■ MATERIAL FOR THE TASK:
————————

(* Define $E:[0,\pi/2]\to\mathbb{R}$ by $E(0)=0$ and $E(\alpha)=\frac{1}{\sin\alpha}\left(\int_0^\alpha\sqrt{\cos t}\,dt\right)^2$ for $\alpha\in(0,\pi/2]$. Then $E$ is concave on $[0,\pi/2]$, with $E''(\alpha)<0$ for all $\alpha\in(0,\pi/2)$, and $E$ is strictly sub-additive: for all $\alpha,\beta>0$ with $\alpha+\beta\le\pi/2$, $$E(\alpha+\beta)<E(\alpha)+E(\beta).$$ *)

theory Defs
  imports "HOL-Analysis.Analysis"
begin

definition E :: "real \<Rightarrow> real" where
  "E a = (if a = 0 then 0 else (integral {0..a} (\<lambda>t. sqrt (cos t)))\<^sup>2 / sin a)"

end

theory Submission
  imports Defs
begin

text \<open>Write \<open>F(x) = \<integral>\<^sub>0\<^sup>x \<surd>(cos t) dt\<close>, so \<open>E = F\<^sup>2 / sin\<close> on \<open>(0, \<pi>/2]\<close>. Comparing derivatives gives
  \<open>sin x \<le> F(x) < sin x / \<surd>(cos x)\<close>. With \<open>s = sin x\<close>, \<open>c = cos x\<close>, \<open>r = \<surd>c\<close>, the second
  derivative factors as \<open>E'' = ((s\<^sup>2 + 2c\<^sup>2) F - 2crs) (rF - s) / (r s\<^sup>3)\<close>; the lower bound on \<open>F\<close>
  makes the first factor positive (as \<open>1 + c\<^sup>2 > 2c \<ge> 2cr\<close>) and the upper bound makes the second
  negative. So \<open>E'\<close> is strictly decreasing, which yields concavity (together with continuity of
  \<open>E\<close> at 0, where \<open>0 \<le> E \<le> F / \<surd>cos\<close>) and, since \<open>E(0) = 0\<close>, strict subadditivity:
  \<open>x \<mapsto> E(x + b) - E(x)\<close> is strictly decreasing.\<close>

lemma concave_on_Icc_if_deriv_antimono:
  fixes f f' :: "real \<Rightarrow> real"
  assumes cont: "continuous_on {a..b} f"
    and deriv: "\<And>x. a < x \<Longrightarrow> x < b \<Longrightarrow> (f has_real_derivative f' x) (at x)"
    and antimono: "\<And>x y. a < x \<Longrightarrow> x \<le> y \<Longrightarrow> y < b \<Longrightarrow> f' y \<le> f' x"
  shows "concave_on {a..b} f"
proof (rule concave_on_linorderI)
  have mean_value: "\<exists>\<xi>. u < \<xi> \<and> \<xi> < v \<and> f v - f u = f' \<xi> * (v - u)"
    if "a \<le> u" "u < v" "v \<le> b" for u v
  proof -
    have "continuous_on {u..v} f"
      using that by (auto intro: continuous_on_subset[OF cont])
    moreover have "(f has_derivative (*) (f' \<xi>)) (at \<xi>)" if "u < \<xi>" "\<xi> < v" for \<xi>
      using deriv[of \<xi>] that \<open>a \<le> u\<close> \<open>v \<le> b\<close> by (simp add: has_field_derivative_def)
    ultimately show ?thesis
      using mvt[OF \<open>u < v\<close>, of f "\<lambda>\<xi>. (*) (f' \<xi>)"] by blast
  qed
  show "convex {a..b}" by simp
  fix t x y :: real
  assume t: "0 < t" "t < 1" and xy: "x \<in> {a..b}" "y \<in> {a..b}" "x < y"
  define z where "z = (1 - t) * x + t * y"
  have zx: "z - x = t * (y - x)" and yz: "y - z = (1 - t) * (y - x)"
    by (simp_all add: z_def algebra_simps)
  have "0 < t * (y - x)" and "0 < (1 - t) * (y - x)"
    using t xy by simp_all
  then have "x < z" and "z < y"
    unfolding zx[symmetric] yz[symmetric] by simp_all
  then obtain \<xi> \<eta> where \<xi>: "x < \<xi>" "\<xi> < z" "f z - f x = f' \<xi> * (z - x)"
    and \<eta>: "z < \<eta>" "\<eta> < y" "f y - f z = f' \<eta> * (y - z)"
    using mean_value[of x z] mean_value[of z y] xy by auto
  have "f' \<eta> \<le> f' \<xi>"
    using antimono[of \<xi> \<eta>] \<xi> \<eta> xy by auto
  then have "t * (1 - t) * (y - x) * f' \<eta> \<le> t * (1 - t) * (y - x) * f' \<xi>"
    using t xy by (intro mult_left_mono) auto
  then have "t * (f y - f z) \<le> (1 - t) * (f z - f x)"
    unfolding \<xi>(3) \<eta>(3) zx yz by (simp add: algebra_simps)
  then show "(1 - t) * f x + t * f y \<le> f ((1 - t) *\<^sub>R x + t *\<^sub>R y)"
    by (simp add: z_def algebra_simps)
qed

lemma strict_subadditive_if_deriv_strict_antimono:
  fixes f f' :: "real \<Rightarrow> real"
  assumes cont: "continuous_on {0..c} f" and "f 0 = 0"
    and deriv: "\<And>x. 0 < x \<Longrightarrow> x < c \<Longrightarrow> (f has_real_derivative f' x) (at x)"
    and antimono: "\<And>x y. 0 < x \<Longrightarrow> x < y \<Longrightarrow> y < c \<Longrightarrow> f' y < f' x"
    and "0 < a" "0 < b" "a + b \<le> c"
  shows "f (a + b) < f a + f b"
proof -
  define h where "h x = f (x + b) - f x" for x
  have "h a < h 0"
  proof (rule DERIV_neg_imp_decreasing_open[OF \<open>0 < a\<close>])
    fix x assume x: "0 < x" "x < a"
    have "((\<lambda>x. f (x + b)) has_real_derivative f' (x + b)) (at x)"
      using deriv[of "x + b"] x assms by (simp add: DERIV_shift)
    then have "(h has_real_derivative f' (x + b) - f' x) (at x)"
      unfolding h_def using x assms by (intro derivative_intros deriv) auto
    moreover have "f' (x + b) < f' x"
      using antimono[of x "x + b"] x assms by auto
    ultimately show "\<exists>y. (h has_real_derivative y) (at x) \<and> y < 0"
      by auto
  next
    show "continuous_on {0..a} h"
      unfolding h_def using assms
      by (intro continuous_intros continuous_on_compose2[OF cont] continuous_on_subset[OF cont])
        auto
  qed
  then show ?thesis
    using \<open>f 0 = 0\<close> by (simp add: h_def)
qed

lemma deriv_has_real_derivative_on_open:
  assumes "open S" "a \<in> S"
    and "\<And>x. x \<in> S \<Longrightarrow> (f has_real_derivative f' x) (at x)"
    and "(f' has_real_derivative f'') (at a)"
  shows "(deriv f has_real_derivative f'') (at a)"
  using has_field_derivative_transform_within_open[OF assms(4,1,2)] assms(3) DERIV_imp_deriv
  by metis

definition int_sqrt_cos :: "real \<Rightarrow> real" where
  "int_sqrt_cos x = integral {0..x} (\<lambda>t. sqrt (cos t))"

lemma int_sqrt_cos_0 [simp]: "int_sqrt_cos 0 = 0"
  by (simp add: int_sqrt_cos_def)

lemma continuous_on_int_sqrt_cos: "continuous_on {0..b} int_sqrt_cos"
  unfolding int_sqrt_cos_def
  by (intro indefinite_integral_continuous_1 integrable_continuous_real continuous_intros)

lemma int_sqrt_cos_has_derivative:
  assumes "0 < x"
  shows "(int_sqrt_cos has_real_derivative sqrt (cos x)) (at x)"
proof -
  have "(int_sqrt_cos has_real_derivative sqrt (cos x)) (at x within {0..x + 1})"
    unfolding int_sqrt_cos_def using assms
    by (intro integral_has_real_derivative continuous_intros) auto
  then show ?thesis
    using assms by (simp add: at_within_interior[of x "{0..x + 1}"])
qed

lemma sin_le_int_sqrt_cos:
  assumes "0 \<le> x" "x \<le> pi/2"
  shows "sin x \<le> int_sqrt_cos x"
proof -
  have "int_sqrt_cos 0 - sin 0 \<le> int_sqrt_cos x - sin x"
  proof (rule DERIV_nonneg_imp_increasing_open[OF assms(1)])
    fix u assume u: "0 < u" "u < x"
    then have "0 \<le> cos u" "cos u \<le> 1"
      using assms by (auto intro!: cos_ge_zero)
    then have "cos u \<le> sqrt (cos u)"
      using mult_left_le[of "sqrt (cos u)" "sqrt (cos u)"] by (simp add: real_sqrt_mult_self)
    moreover have "((\<lambda>u. int_sqrt_cos u - sin u) has_real_derivative sqrt (cos u) - cos u) (at u)"
      using u by (auto intro!: derivative_eq_intros int_sqrt_cos_has_derivative)
    ultimately show "\<exists>y. ((\<lambda>u. int_sqrt_cos u - sin u) has_real_derivative y) (at u) \<and> 0 \<le> y"
      by auto
  qed (intro continuous_intros continuous_on_int_sqrt_cos)
  then show ?thesis by simp
qed

lemma int_sqrt_cos_less_sin_div_sqrt_cos:
  assumes "0 < x" "x < pi/2"
  shows "int_sqrt_cos x < sin x / sqrt (cos x)"
proof -
  let ?g = "\<lambda>u. sin u / sqrt (cos u) - int_sqrt_cos u"
  have "?g 0 < ?g x"
  proof (rule DERIV_pos_imp_increasing_open[OF assms(1)])
    fix u assume u: "0 < u" "u < x"
    then have c: "0 < cos u" and s: "0 < sin u"
      using assms by (auto intro!: cos_gt_zero_pi sin_gt_zero)
    obtain r where r: "0 < r" "sqrt (cos u) = r" "cos u = r\<^sup>2"
      using c by (metis real_sqrt_gt_zero real_sqrt_pow2 less_imp_le)
    have "(?g has_real_derivative (sin u)\<^sup>2 / (2 * cos u * sqrt (cos u))) (at u)"
      apply (rule derivative_eq_intros refl int_sqrt_cos_has_derivative[OF u(1)] | use c in force)+
      unfolding r(2) unfolding r(3) using r(1) by (simp add: field_simps) algebra
    moreover have "0 < (sin u)\<^sup>2 / (2 * cos u * sqrt (cos u))"
      using c s by simp
    ultimately show "\<exists>y. (?g has_real_derivative y) (at u) \<and> 0 < y"
      by blast
  next
    have "cos u \<noteq> 0" if "u \<in> {0..x}" for u
      using that assms cos_gt_zero_pi[of u] by auto
    then show "continuous_on {0..x} ?g"
      by (intro continuous_intros continuous_on_int_sqrt_cos) auto
  qed
  then show ?thesis by simp
qed

lemma E_eq_int_sqrt_cos: "0 < x \<Longrightarrow> E x = (int_sqrt_cos x)\<^sup>2 / sin x"
  by (simp add: E_def int_sqrt_cos_def)

definition E' :: "real \<Rightarrow> real" where
  "E' x = 2 * int_sqrt_cos x * sqrt (cos x) / sin x - (int_sqrt_cos x)\<^sup>2 * cos x / (sin x)\<^sup>2"

definition E'' :: "real \<Rightarrow> real" where
  "E'' x = 2 * cos x / sin x - int_sqrt_cos x / sqrt (cos x)
     - 4 * int_sqrt_cos x * sqrt (cos x) * cos x / (sin x)\<^sup>2
     + (int_sqrt_cos x)\<^sup>2 * ((sin x)\<^sup>2 + 2 * (cos x)\<^sup>2) / (sin x)^3"

lemma E_has_derivative:
  assumes "0 < x" "x < pi"
  shows "(E has_real_derivative E' x) (at x)"
proof -
  have "sin x > 0"
    using assms by (rule sin_gt_zero)
  then have "((\<lambda>x. (int_sqrt_cos x)\<^sup>2 / sin x) has_real_derivative E' x) (at x)"
    using assms
    by (auto intro!: derivative_eq_intros int_sqrt_cos_has_derivative
        simp: E'_def field_simps power2_eq_square)
  then show ?thesis
    by (rule has_field_derivative_transform_within_open[where S="{0<..<pi}"])
      (use assms in \<open>auto simp: E_eq_int_sqrt_cos\<close>)
qed

lemma E'_has_derivative:
  assumes "0 < x" "x < pi/2"
  shows "(E' has_real_derivative E'' x) (at x)"
proof -
  have c: "0 < cos x" and s: "0 < sin x"
    using assms by (auto intro!: cos_gt_zero_pi sin_gt_zero)
  obtain r where r: "0 < r" "sqrt (cos x) = r" "cos x = r\<^sup>2"
    using c by (metis real_sqrt_gt_zero real_sqrt_pow2 less_imp_le)
  show ?thesis
    unfolding E'_def E''_def
    apply (rule derivative_eq_intros refl int_sqrt_cos_has_derivative[OF assms(1)] | use c s in force)+
    unfolding r(2) unfolding r(3) using r(1) s by (simp add: field_simps) algebra
qed

lemma E''_neg:
  assumes "0 < x" "x < pi/2"
  shows "E'' x < 0"
proof -
  define F s c r where "F = int_sqrt_cos x" and "s = sin x" and "c = cos x" and "r = sqrt (cos x)"
  have c: "0 < c" "c < 1" and s: "0 < s"
    using assms cos_monotone_0_pi[of 0 x] by (auto simp: c_def s_def intro!: cos_gt_zero_pi sin_gt_zero)
  have r: "0 < r" "r \<le> 1" "r\<^sup>2 = c"
    using c by (auto simp: r_def c_def)
  have "c * r \<le> c"
    using r c by (simp add: mult_left_le)
  have "0 < (1 - c)\<^sup>2"
    using c by simp
  also have "\<dots> \<le> 1 + c\<^sup>2 - 2 * c * r"
    using \<open>c * r \<le> c\<close> by (simp add: power2_diff)
  finally have "2 * c * r * s < s * (1 + c\<^sup>2)"
    using s mult_pos_pos[of s "1 + c\<^sup>2 - 2 * c * r"] by (simp add: algebra_simps)
  also have "1 + c\<^sup>2 = s\<^sup>2 + 2 * c\<^sup>2"
    using sin_cos_squared_add[of x] by (simp add: s_def c_def)
  also have "s * \<dots> = (s\<^sup>2 + 2 * c\<^sup>2) * s"
    by (rule mult.commute)
  also have "\<dots> \<le> (s\<^sup>2 + 2 * c\<^sup>2) * F"
    using sin_le_int_sqrt_cos[of x] assms by (intro mult_left_mono) (auto simp: F_def s_def)
  finally have left_factor_pos: "0 < (s\<^sup>2 + 2 * c\<^sup>2) * F - 2 * c * r * s"
    by simp
  have right_factor_neg: "r * F - s < 0"
    using int_sqrt_cos_less_sin_div_sqrt_cos[OF assms] r by (simp add: F_def s_def r_def field_simps)
  have "E'' x = ((s\<^sup>2 + 2 * c\<^sup>2) * F - 2 * c * r * s) * (r * F - s) / (r * s^3)"
    unfolding E''_def F_def[symmetric] s_def[symmetric] c_def[symmetric] r_def[symmetric]
    using r s unfolding r(3)[symmetric] by (simp add: field_simps) algebra
  also have "\<dots> < 0"
    using left_factor_pos right_factor_neg r s by (intro divide_neg_pos mult_pos_neg) auto
  finally show ?thesis .
qed

lemma E'_strict_antimono:
  assumes "0 < x" "x < y" "y < pi/2"
  shows "E' y < E' x"
proof (rule DERIV_neg_imp_decreasing_open[OF assms(2)])
  show "\<exists>z. (E' has_real_derivative z) (at u) \<and> z < 0" if "x < u" "u < y" for u
    using that assms E'_has_derivative[of u] E''_neg[of u] by auto
  show "continuous_on {x..y} E'"
    using assms by (intro continuous_at_imp_continuous_on ballI DERIV_isCont[OF E'_has_derivative]) auto
qed

lemma continuous_on_E: "continuous_on {0..pi/2} E"
proof -
  let ?F = "at 0 within {0..pi/2}"
  have eventually_inside: "\<forall>\<^sub>F x in ?F. 0 < x \<and> x < pi/2"
    unfolding eventually_at by (intro exI[of _ "pi/2"]) (auto simp: dist_real_def)
  have "(int_sqrt_cos \<longlongrightarrow> 0) ?F"
    using continuous_on_int_sqrt_cos[of "pi/2", unfolded continuous_on_def, rule_format, of 0]
    by simp
  then have "((\<lambda>x. int_sqrt_cos x / sqrt (cos x)) \<longlongrightarrow> 0) ?F"
    using tendsto_divide[of _ 0 ?F "\<lambda>x. sqrt (cos x)" 1] by (auto intro!: tendsto_eq_intros)
  moreover have "\<forall>\<^sub>F x in ?F. 0 \<le> E x \<and> E x \<le> int_sqrt_cos x / sqrt (cos x)"
    using eventually_inside
  proof eventually_elim
    case (elim x)
    then have s: "0 < sin x" and r: "0 < sqrt (cos x)"
      by (auto intro!: sin_gt_zero cos_gt_zero_pi)
    have "0 \<le> int_sqrt_cos x"
      using sin_le_int_sqrt_cos[of x] elim s by auto
    moreover have "int_sqrt_cos x / sin x \<le> 1 / sqrt (cos x)"
      using int_sqrt_cos_less_sin_div_sqrt_cos[of x] elim s r by (simp add: field_simps)
    ultimately have "int_sqrt_cos x * (int_sqrt_cos x / sin x) \<le> int_sqrt_cos x * (1 / sqrt (cos x))"
      by (rule mult_left_mono[rotated])
    then show ?case
      using elim s by (simp add: E_eq_int_sqrt_cos power2_eq_square)
  qed
  ultimately have "(E \<longlongrightarrow> 0) ?F"
    by (intro tendsto_sandwich[of "\<lambda>_. 0" E ?F "\<lambda>x. int_sqrt_cos x / sqrt (cos x)"])
      (auto elim: eventually_mono)
  then have "continuous ?F E"
    by (simp add: continuous_within E_def)
  moreover have "isCont E x" if "0 < x" "x \<le> pi/2" for x
    using that by (intro DERIV_isCont[OF E_has_derivative]) auto
  ultimately show ?thesis
    unfolding continuous_on_eq_continuous_within
    by (metis atLeastAtMost_iff continuous_at_imp_continuous_within order_le_less)
qed

theorem proposition4p1:
  shows "concave_on {0..pi/2} E
    \<and> (\<forall>a\<in>{0<..<pi/2}. E differentiable (at a) \<and> deriv E differentiable (at a)
                          \<and> deriv (deriv E) a < 0)
    \<and> (\<forall>a b. a > 0 \<longrightarrow> b > 0 \<longrightarrow> a + b \<le> pi/2 \<longrightarrow> E (a + b) < E a + E b)"
proof (intro conjI ballI allI impI)
  have E_deriv: "(E has_real_derivative E' x) (at x)" if "0 < x" "x < pi/2" for x
    using that by (intro E_has_derivative) auto
  show "concave_on {0..pi/2} E"
  proof (rule concave_on_Icc_if_deriv_antimono[OF continuous_on_E E_deriv])
    show "E' y \<le> E' x" if "0 < x" "x \<le> y" "y < pi/2" for x y
      using that E'_strict_antimono[of x y] by (cases "x = y") auto
  qed auto
  show "E (a + b) < E a + E b" if "a > 0" "b > 0" "a + b \<le> pi/2" for a b
    using continuous_on_E _ E_deriv E'_strict_antimono that
    by (rule strict_subadditive_if_deriv_strict_antimono) (simp add: E_def)
  fix a :: real
  assume a: "a \<in> {0<..<pi/2}"
  have E'': "(deriv E has_real_derivative E'' a) (at a)"
    using a E_deriv E'_has_derivative[of a]
    by (intro deriv_has_real_derivative_on_open[where S="{0<..<pi/2}"]) auto
  show "E differentiable (at a)"
    using E_deriv[of a] a real_differentiable_def by auto
  show "deriv E differentiable (at a)"
    using E'' real_differentiable_def by auto
  show "deriv (deriv E) a < 0"
    using DERIV_imp_deriv[OF E''] E''_neg a by auto
qed

end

————————

■ PROBLEM STATEMENT: Search the data above for the word "strictly". Copy each line it is in.

■ RESULT:
(* Define $E:[0,\pi/2]\to\mathbb{R}$ by $E(0)=0$ and $E(\alpha)=\frac{1}{\sin\alpha}\left(\int_0^\alpha\sqrt{\cos t}\,dt\right)^2$ for $\alpha\in(0,\pi/2]$. Then $E$ is concave on $[0,\pi/2]$, with $E''(\alpha)<0$ for all $\alpha\in(0,\pi/2)$, and $E$ is strictly sub-additive: for all $\alpha,\beta>0$ with $\alpha+\beta\le\pi/2$, $$E(\alpha+\beta)<E(\alpha)+E(\beta).$$ *)
  negative. So \<open>E'\<close> is strictly decreasing, which yields concavity (together with continuity of
  \<open>x \<mapsto> E(x + b) - E(x)\<close> is strictly decreasing.\<close>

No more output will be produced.